- _What you have to do_: In the records below, find the line that contains "unfolding nbhd_def pivot_del_V_def by (auto" and the line that contains "nbhd_l_def by auto", then retype exactly those two lines and every line between them.

******************************

(* Let $H$ be a connected graph and let $v\in \mathrm{MS}(H)$. Then every loopless connected component of $H|v$ consists of a single isolated vertex.
   Context: Graphs are finite, may have loops, but no multiple edges; an edge is either $\{u\}$ (a loop at $u$) or $\{u,w\}$ with $u\ne w$. A vertex is isolated if no edge (including a loop) is incident to it. A graph is loopless if no vertex is looped. For $v\in V(H)$, $N_H(v)=\{u\in V(H): u\neq v,\ \{u,v\}\in E(H)\}$. Let $L$ be the set of looped vertices; $N^l_H(v)=N_H(v)\cap L$ and $N^{ul}_H(v)=N_H(v)\setminus L$. Define $s(v)=|N^{ul}_H(v)|-|N^l_H(v)|$, and let $\mathrm{MS}(H)$ be the set of looped vertices $v$ of $H$ such that $s(w)\le s(v)$ for all $w\in N^l_H(v)$. For a looped vertex $v$, the local complement $H*v$ is the graph on $V(H)$ such that for every $p\subseteq V(H)$ with $|p|\in\{1,2\}$: $p\in E(H*v)$ iff either ($p\notin E(H)$ and $p\subseteq N_H(v)$) or ($p\in E(H)$ and $p\not\subseteq N_H(v)$). $H*_c v$ is obtained from $H*v$ by removing all edges incident to $v$, including its loop; $H|v$ is obtained from $H*_c v$ by deleting the vertex $v$. *)

theory Defs
  imports Main
begin

text \<open>A graph is given by a finite vertex set V and a set E of edges, each edge
being a set of 1 (loop) or 2 vertices of V.\<close>

definition graph :: "'a set \<Rightarrow> 'a set set \<Rightarrow> bool" where
  "graph V E \<longleftrightarrow> finite V \<and> (\<forall>e\<in>E. e \<subseteq> V \<and> (card e = 1 \<or> card e = 2))"

definition looped :: "'a set set \<Rightarrow> 'a \<Rightarrow> bool" where
  "looped E u \<longleftrightarrow> {u} \<in> E"

definition loopset :: "'a set \<Rightarrow> 'a set set \<Rightarrow> 'a set" where
  "loopset V E = {u\<in>V. looped E u}"

definition isolated :: "'a set set \<Rightarrow> 'a \<Rightarrow> bool" where
  "isolated E u \<longleftrightarrow> (\<forall>e\<in>E. u \<notin> e)"

definition nbhd :: "'a set \<Rightarrow> 'a set set \<Rightarrow> 'a \<Rightarrow> 'a set" where
  "nbhd V E v = {u\<in>V. u \<noteq> v \<and> {u, v} \<in> E}"

definition nbhd_l :: "'a set \<Rightarrow> 'a set set \<Rightarrow> 'a \<Rightarrow> 'a set" where
  "nbhd_l V E v = nbhd V E v \<inter> loopset V E"

definition nbhd_ul :: "'a set \<Rightarrow> 'a set set \<Rightarrow> 'a \<Rightarrow> 'a set" where
  "nbhd_ul V E v = nbhd V E v - loopset V E"

definition sval :: "'a set \<Rightarrow> 'a set set \<Rightarrow> 'a \<Rightarrow> int" where
  "sval V E v = int (card (nbhd_ul V E v)) - int (card (nbhd_l V E v))"

definition MS :: "'a set \<Rightarrow> 'a set set \<Rightarrow> 'a set" where
  "MS V E = {v \<in> loopset V E. \<forall>w\<in>nbhd_l V E v. sval V E w \<le> sval V E v}"

definition local_compl :: "'a set \<Rightarrow> 'a set set \<Rightarrow> 'a \<Rightarrow> 'a set set" where
  "local_compl V E v = {p. p \<subseteq> V \<and> (card p = 1 \<or> card p = 2) \<and>
     ((p \<notin> E \<and> p \<subseteq> nbhd V E v) \<or> (p \<in> E \<and> \<not> p \<subseteq> nbhd V E v))}"

definition local_compl_c :: "'a set \<Rightarrow> 'a set set \<Rightarrow> 'a \<Rightarrow> 'a set set" where
  "local_compl_c V E v = {p \<in> local_compl V E v. v \<notin> p}"

text \<open>H|v: delete v from H *_c v. Vertex set V - {v}, edge set as above.\<close>
definition pivot_del_V :: "'a set \<Rightarrow> 'a \<Rightarrow> 'a set" where
  "pivot_del_V V v = V - {v}"

definition pivot_del_E :: "'a set \<Rightarrow> 'a set set \<Rightarrow> 'a \<Rightarrow> 'a set set" where
  "pivot_del_E V E v = local_compl_c V E v"

definition adj :: "'a set set \<Rightarrow> 'a \<Rightarrow> 'a \<Rightarrow> bool" where
  "adj E u w \<longleftrightarrow> u \<noteq> w \<and> {u, w} \<in> E"

definition reachable :: "'a set \<Rightarrow> 'a set set \<Rightarrow> 'a \<Rightarrow> 'a \<Rightarrow> bool" where
  "reachable V E u w \<longleftrightarrow> u \<in> V \<and> w \<in> V \<and> (\<lambda>x y. x \<in> V \<and> y \<in> V \<and> adj E x y)\<^sup>*\<^sup>* u w"

definition connected_graph :: "'a set \<Rightarrow> 'a set set \<Rightarrow> bool" where
  "connected_graph V E \<longleftrightarrow> V \<noteq> {} \<and> (\<forall>u\<in>V. \<forall>w\<in>V. reachable V E u w)"

definition components :: "'a set \<Rightarrow> 'a set set \<Rightarrow> 'a set set" where
  "components V E = {{w. reachable V E u w} | u. u \<in> V}"

definition loopless_set :: "'a set set \<Rightarrow> 'a set \<Rightarrow> bool" where
  "loopless_set E C \<longleftrightarrow> (\<forall>u\<in>C. \<not> looped E u)"

end

theory Submission
  imports Defs
begin

text \<open>A loopless component C of H|v contains a neighbour w of v, because H is connected.
  Looplessness of C says that a vertex of C is looped in H exactly when it lies in N(v);
  in particular w is looped, so the maximality of s(v) gives s(w) \<le> s(v). Comparing the
  neighbourhoods of w and v through the local complementation shows
  s(w) = s(v) + |N_{H|v}(w)|, so w has no neighbour in H|v and C = {w}.\<close>

lemma graph_edge_cases:
  assumes "graph V E" "e \<in> E"
  shows "e \<subseteq> V \<and> ((\<exists>x. e = {x}) \<or> (\<exists>x y. x \<noteq> y \<and> e = {x, y}))"
  using assms unfolding graph_def by (simp add: card_1_singleton_iff card_2_iff) blast

lemma isolatedI:
  assumes "graph V E" "\<not> looped E w" "nbhd V E w = {}"
  shows "isolated E w"
  unfolding isolated_def
proof (intro ballI notI)
  fix e assume "e \<in> E" "w \<in> e"
  with graph_edge_cases[OF assms(1)] assms(2,3) show False
    unfolding looped_def nbhd_def by (fastforce simp: insert_commute)
qed

lemma reachable_sym:
  assumes "reachable V E u w"
  shows "reachable V E w u"
proof -
  let ?R = "\<lambda>x y. x \<in> V \<and> y \<in> V \<and> adj E x y"
  have "?R\<^sup>*\<^sup>* w u" if "?R\<^sup>*\<^sup>* u w" using that
  proof (induction rule: rtranclp_induct)
    case (step y z)
    then have "?R z y" unfolding adj_def by (auto simp: insert_commute)
    from this step.IH show ?case by (rule converse_rtranclp_into_rtranclp)
  qed simp
  with assms show ?thesis unfolding reachable_def by blast
qed

lemma reachable_trans:
  "reachable V E u w \<Longrightarrow> reachable V E w x \<Longrightarrow> reachable V E u x"
  unfolding reachable_def by auto

lemma reachable_step:
  "reachable V E u x \<Longrightarrow> y \<in> V \<Longrightarrow> adj E x y \<Longrightarrow> reachable V E u y"
  unfolding reachable_def by (auto intro: rtranclp.rtrancl_into_rtrancl)

lemma component_subset: "C \<in> components V E \<Longrightarrow> C \<subseteq> V"
  unfolding components_def reachable_def by auto

lemma component_nonempty: "C \<in> components V E \<Longrightarrow> C \<noteq> {}"
  unfolding components_def reachable_def by auto

lemma component_adj_closed:
  "C \<in> components V E \<Longrightarrow> x \<in> C \<Longrightarrow> y \<in> V \<Longrightarrow> adj E x y \<Longrightarrow> y \<in> C"
  unfolding components_def by (auto intro: reachable_step)

lemma component_eq_reachable:
  assumes "C \<in> components V E" "w \<in> C"
  shows "C = {x. reachable V E w x}"
proof -
  obtain u where C: "C = {x. reachable V E u x}"
    using assms(1) unfolding components_def by auto
  with assms(2) show ?thesis
    by (auto intro: reachable_trans reachable_sym)
qed

lemma component_eq_singleton:
  assumes "C \<in> components V E" "w \<in> C" "nbhd V E w = {}"
  shows "C = {w}"
proof -
  let ?R = "\<lambda>x y. x \<in> V \<and> y \<in> V \<and> adj E x y"
  have "x = w" if "?R\<^sup>*\<^sup>* w x" for x using that
  proof (induction rule: rtranclp_induct)
    case (step y z)
    with assms(3) show ?case unfolding nbhd_def adj_def by (auto simp: insert_commute)
  qed simp
  with component_eq_reachable[OF assms(1,2)] assms(2) show ?thesis
    unfolding reachable_def by auto
qed

lemma pivot_del_E_pair_iff:
  assumes "x \<in> V" "y \<in> V" "x \<noteq> y" "x \<noteq> v" "y \<noteq> v"
  shows "{x, y} \<in> pivot_del_E V E v \<longleftrightarrow> (({x, y} \<in> E) \<noteq> (x \<in> nbhd V E v \<and> y \<in> nbhd V E v))"
  using assms unfolding pivot_del_E_def local_compl_c_def local_compl_def by auto

lemma pivot_del_E_looped_iff:
  assumes "x \<in> V" "x \<noteq> v"
  shows "looped (pivot_del_E V E v) x \<longleftrightarrow> (looped E x \<noteq> (x \<in> nbhd V E v))"
  using assms unfolding looped_def pivot_del_E_def local_compl_c_def local_compl_def by auto

lemma graph_pivot_del: "graph V E \<Longrightarrow> graph (pivot_del_V V v) (pivot_del_E V E v)"
  unfolding graph_def pivot_del_V_def pivot_del_E_def local_compl_c_def local_compl_def
  by auto

lemma component_pivot_del_meets_nbhd:
  assumes "connected_graph V E" "v \<in> V"
    and C: "C \<in> components (pivot_del_V V v) (pivot_del_E V E v)"
  shows "C \<inter> nbhd V E v \<noteq> {}"
proof
  assume CN: "C \<inter> nbhd V E v = {}"
  have CV: "C \<subseteq> V - {v}" using component_subset[OF C] unfolding pivot_del_V_def .
  obtain u where "u \<in> C" using component_nonempty[OF C] by auto
  text \<open>A walk in H leaving C would have to leave through N(v), where H and H|v differ.\<close>
  have "t \<in> C" if "(\<lambda>x y. x \<in> V \<and> y \<in> V \<and> adj E x y)\<^sup>*\<^sup>* u t" for t
    using that
  proof (induction rule: rtranclp_induct)
    case base show ?case by fact
  next
    case (step y z)
    have y: "y \<in> V" "y \<noteq> v" "y \<notin> nbhd V E v" using step.IH CV CN by auto
    with step.hyps(2) have "z \<noteq> v" unfolding adj_def nbhd_def by (auto simp: insert_commute)
    with y step.hyps(2) have "adj (pivot_del_E V E v) y z"
      using pivot_del_E_pair_iff[of y V z v E] unfolding adj_def by auto
    with step.IH step.hyps(2) \<open>z \<noteq> v\<close> show ?case
      by (auto simp: pivot_del_V_def intro: component_adj_closed[OF C, of y])
  qed
  moreover have "reachable V E u v"
    using assms(1,2) CV \<open>u \<in> C\<close> unfolding connected_graph_def by auto
  ultimately have "v \<in> C" unfolding reachable_def by blast
  with CV show False by auto
qed

text \<open>The last assumption is what looplessness of the component of w in H|v provides.\<close>

context
  fixes V :: "'a set" and E :: "'a set set" and v w :: 'a
  assumes graph: "graph V E"
    and v_looped: "looped E v"
    and w_nbhd_l: "w \<in> nbhd_l V E v"
    and looped_iff: "\<And>x. x \<in> nbhd (pivot_del_V V v) (pivot_del_E V E v) w \<Longrightarrow>
                       looped E x \<longleftrightarrow> x \<in> nbhd V E v"
begin

private abbreviation "N \<equiv> nbhd V E v"
private abbreviation "D \<equiv> nbhd (pivot_del_V V v) (pivot_del_E V E v) w"

private lemma w_facts: "w \<in> V" "w \<noteq> v" "{w, v} \<in> E" "looped E w" "w \<in> N"
  using w_nbhd_l unfolding nbhd_l_def nbhd_def loopset_def by auto

private lemma v_in_V: "v \<in> V"
  using graph_edge_cases[OF graph w_facts(3)] by auto

private lemma mem_D_iff:
  assumes "x \<in> V" "x \<noteq> v" "x \<noteq> w"
  shows "x \<in> D \<longleftrightarrow> (({w, x} \<in> E) \<noteq> (x \<in> N))"
  using pivot_del_E_pair_iff[of w V x v E] assms w_facts
  unfolding nbhd_def pivot_del_V_def by (auto simp: insert_commute)

private lemma D_subset: "D \<subseteq> V - {v, w}"
  unfolding nbhd_def pivot_del_V_def by auto

private lemma nbhd_ul_w: "nbhd_ul V E w = nbhd_ul V E v \<union> (D - N)"
proof -
  have "x \<in> nbhd_ul V E w \<longleftrightarrow> x \<in> nbhd_ul V E v \<union> (D - N)" for x
  proof (cases "x \<in> V \<and> x \<noteq> v \<and> x \<noteq> w")
    case True
    then show ?thesis
      using mem_D_iff[of x] looped_iff[of x]
      unfolding nbhd_ul_def nbhd_def loopset_def by (auto simp: insert_commute)
  next
    case False
    then show ?thesis using D_subset v_looped w_facts
      unfolding nbhd_ul_def nbhd_def loopset_def by auto
  qed
  then show ?thesis by blast
qed

private lemma nbhd_l_w: "nbhd_l V E w = insert v (nbhd_l V E v - {w} - D)"
proof -
  have "x \<in> nbhd_l V E w \<longleftrightarrow> x \<in> insert v (nbhd_l V E v - {w} - D)" for x
  proof (cases "x \<in> V \<and> x \<noteq> v \<and> x \<noteq> w")
    case True
    then show ?thesis
      using mem_D_iff[of x] looped_iff[of x]
      unfolding nbhd_l_def nbhd_def loopset_def by (auto simp: insert_commute)
  next
    case False
    then show ?thesis using D_subset v_looped v_in_V w_facts
      unfolding nbhd_l_def nbhd_def loopset_def by (auto simp: insert_commute)
  qed
  then show ?thesis by blast
qed

lemma sval_nbhd_pivot_del:
  "sval V E w = sval V E v + int (card (nbhd (pivot_del_V V v) (pivot_del_E V E v) w))"
proof -
  let ?L = "nbhd_l V E v"
  have finN: "finite N" using graph unfolding graph_def nbhd_def by auto
  have finL: "finite ?L" using finN unfolding nbhd_l_def by auto
  have finD: "finite D" using graph D_subset finite_subset unfolding graph_def by blast
  have "?L = insert w ((D \<inter> N) \<union> (?L - {w} - D))"
    using w_nbhd_l looped_iff D_subset unfolding nbhd_l_def loopset_def by auto
  then have "card ?L = card (insert w ((D \<inter> N) \<union> (?L - {w} - D)))" by (rule arg_cong)
  also have "\<dots> = Suc (card ((D \<inter> N) \<union> (?L - {w} - D)))"
    using finL finD D_subset by (intro card_insert_disjoint) auto
  also have "\<dots> = 1 + card (D \<inter> N) + card (?L - {w} - D)"
    using finL finD by (subst card_Un_disjoint) auto
  finally have card_l_v: "card ?L = 1 + card (D \<inter> N) + card (?L - {w} - D)" .
  have card_l_w: "card (nbhd_l V E w) = 1 + card (?L - {w} - D)"
    using finL v_in_V unfolding nbhd_l_w by (simp add: nbhd_l_def nbhd_def)
  have card_ul_w: "card (nbhd_ul V E w) = card (nbhd_ul V E v) + card (D - N)"
    using finN finD unfolding nbhd_ul_w by (subst card_Un_disjoint) (auto simp: nbhd_ul_def)
  have card_D: "card D = card (D - N) + card (D \<inter> N)"
    using finD by (metis Int_Diff_disjoint Un_Diff_Int card_Un_disjoint finite_Diff finite_Int Int_commute)
  from card_l_v card_l_w card_ul_w card_D show ?thesis unfolding sval_def by linarith
qed

end

theorem mainTheorem5:
  fixes V :: "'a set" and E :: "'a set set" and v :: 'a
  assumes "graph V E"
    and "connected_graph V E"
    and "v \<in> MS V E"
  shows "\<forall>C \<in> components (pivot_del_V V v) (pivot_del_E V E v).
           loopless_set (pivot_del_E V E v) C \<longrightarrow>
           (\<exists>u. C = {u} \<and> isolated (pivot_del_E V E v) u)"
proof (intro ballI impI)
  let ?V' = "pivot_del_V V v" and ?E' = "pivot_del_E V E v"
  fix C assume C: "C \<in> components ?V' ?E'" and loopless: "loopless_set ?E' C"
  have v: "v \<in> V" "looped E v" using assms(3) unfolding MS_def loopset_def by auto
  have CV: "C \<subseteq> V - {v}" using component_subset[OF C] unfolding pivot_del_V_def .
  have looped_iff: "looped E x \<longleftrightarrow> x \<in> nbhd V E v" if "x \<in> C" for x
    using pivot_del_E_looped_iff[of x V v E] loopless that CV unfolding loopless_set_def by auto
  obtain w where w: "w \<in> C" "w \<in> nbhd V E v"
    using component_pivot_del_meets_nbhd[OF assms(2) v(1) C] by auto
  then have "w \<in> nbhd_l V E v" using looped_iff unfolding nbhd_l_def nbhd_def loopset_def by auto
  then have "sval V E w \<le> sval V E v" using assms(3) unfolding MS_def by auto
  moreover have "sval V E w = sval V E v + int (card (nbhd ?V' ?E' w))"
  proof (rule sval_nbhd_pivot_del[OF assms(1) v(2) \<open>w \<in> nbhd_l V E v\<close>])
    fix x assume "x \<in> nbhd ?V' ?E' w"
    then have "x \<in> C" using component_adj_closed[OF C w(1)]
      unfolding nbhd_def adj_def by (auto simp: insert_commute)
    then show "looped E x \<longleftrightarrow> x \<in> nbhd V E v" by (rule looped_iff)
  qed
  moreover have "finite (nbhd ?V' ?E' w)"
    using assms(1) unfolding graph_def nbhd_def pivot_del_V_def by auto
  ultimately have "nbhd ?V' ?E' w = {}" by simp
  moreover have "\<not> looped ?E' w" using loopless w(1) unfolding loopless_set_def by auto
  ultimately show "\<exists>u. C = {u} \<and> isolated ?E' u"
    using component_eq_singleton[OF C w(1)] isolatedI[OF graph_pivot_del[OF assms(1)]] by blast
qed

end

******************************

- _Response to the task_:
  unfolding nbhd_def pivot_del_V_def by (auto simp: insert_commute)

private lemma D_subset: "D \<subseteq> V - {v, w}"
  unfolding nbhd_def pivot_del_V_def by auto

private lemma nbhd_ul_w: "nbhd_ul V E w = nbhd_ul V E v \<union> (D - N)"
proof -
  have "x \<in> nbhd_ul V E w \<longleftrightarrow> x \<in> nbhd_ul V E v \<union> (D - N)" for x
  proof (cases "x \<in> V \<and> x \<noteq> v \<and> x \<noteq> w")
    case True
    then show ?thesis
      using mem_D_iff[of x] looped_iff[of x]
      unfolding nbhd_ul_def nbhd_def loopset_def by (auto simp: insert_commute)
  next
    case False
    then show ?thesis using D_subset v_looped w_facts
      unfolding nbhd_ul_def nbhd_def loopset_def by auto
  qed
  then show ?thesis by blast
qed

private lemma nbhd_l_w: "nbhd_l V E w = insert v (nbhd_l V E v - {w} - D)"
proof -
  have "x \<in> nbhd_l V E w \<longleftrightarrow> x \<in> insert v (nbhd_l V E v - {w} - D)" for x
  proof (cases "x \<in> V \<and> x \<noteq> v \<and> x \<noteq> w")
    case True
    then show ?thesis
      using mem_D_iff[of x] looped_iff[of x]
      unfolding nbhd_l_def nbhd_def loopset_def by (auto simp: insert_commute)
  next
    case False
    then show ?thesis using D_subset v_looped v_in_V w_facts
      unfolding nbhd_l_def nbhd_def loopset_def by (auto simp: insert_commute)
  qed
  then show ?thesis by blast
qed

lemma sval_nbhd_pivot_del:
  "sval V E w = sval V E v + int (card (nbhd (pivot_del_V V v) (pivot_del_E V E v) w))"
proof -
  let ?L = "nbhd_l V E v"
  have finN: "finite N" using graph unfolding graph_def nbhd_def by auto
  have finL: "finite ?L" using finN unfolding nbhd_l_def by auto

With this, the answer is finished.